Produce a verbatim transcription of the records below, beginning at the line containing "A B) = card" and ending at the final line; include only those lines.

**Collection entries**
◆ ◆ ◆ ◆ ◆

text \<open>Arguments outside the carrier are read as the identity: this pins down the inverse
outside the carrier and makes norm_dist nonnegative and symmetric on all arguments,
as the locale Metric_space demands.\<close>

definition even_subsets_group :: "'a set \<Rightarrow> 'a set monoid" where
  "even_subsets_group X =
     \<lparr>carrier = even_subsets X, mult = (\<lambda>A B. sym_diff (even_part X A) (even_part X B)), one = {}\<rparr>"

lemma even_card_sym_diff:
  assumes "finite A" "finite B" "even (card A)" "even (card B)"
  shows "even (card (sym_diff A B))"
proof -
  have sym_diff_eq: "sym_diff A B = (A \<union> B) - (A \<inter> B)" by blast
  have "card (sym_diff A B) = card (A \<union> B) - card (A \<inter> B)"
    unfolding sym_diff_eq using assms by (subst card_Diff_subset) auto
  moreover have "card A + card B = card (A \<union> B) + card (A \<inter> B)"
    using assms card_Un_Int by blast
  moreover have "card (A \<inter> B) \<le> card (A \<union> B)"
    using assms by (intro card_mono) auto
  ultimately show ?thesis using assms by presburger
qed

lemma empty_in_even_subsets [simp]: "{} \<in> even_subsets X"
  by (simp add: even_subsets_def)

◆ ◆ ◆ ◆ ◆

**Task answer**
  have "card (sym_diff A B) = card (A \<union> B) - card (A \<inter> B)"
    unfolding sym_diff_eq using assms by (subst card_Diff_subset) auto
  moreover have "card A + card B = card (A \<union> B) + card (A \<inter> B)"
    using assms card_Un_Int by blast
  moreover have "card (A \<inter> B) \<le> card (A \<union> B)"
    using assms by (intro card_mono) auto
  ultimately show ?thesis using assms by presburger
qed

lemma empty_in_even_subsets [simp]: "{} \<in> even_subsets X"
  by (simp add: even_subsets_def)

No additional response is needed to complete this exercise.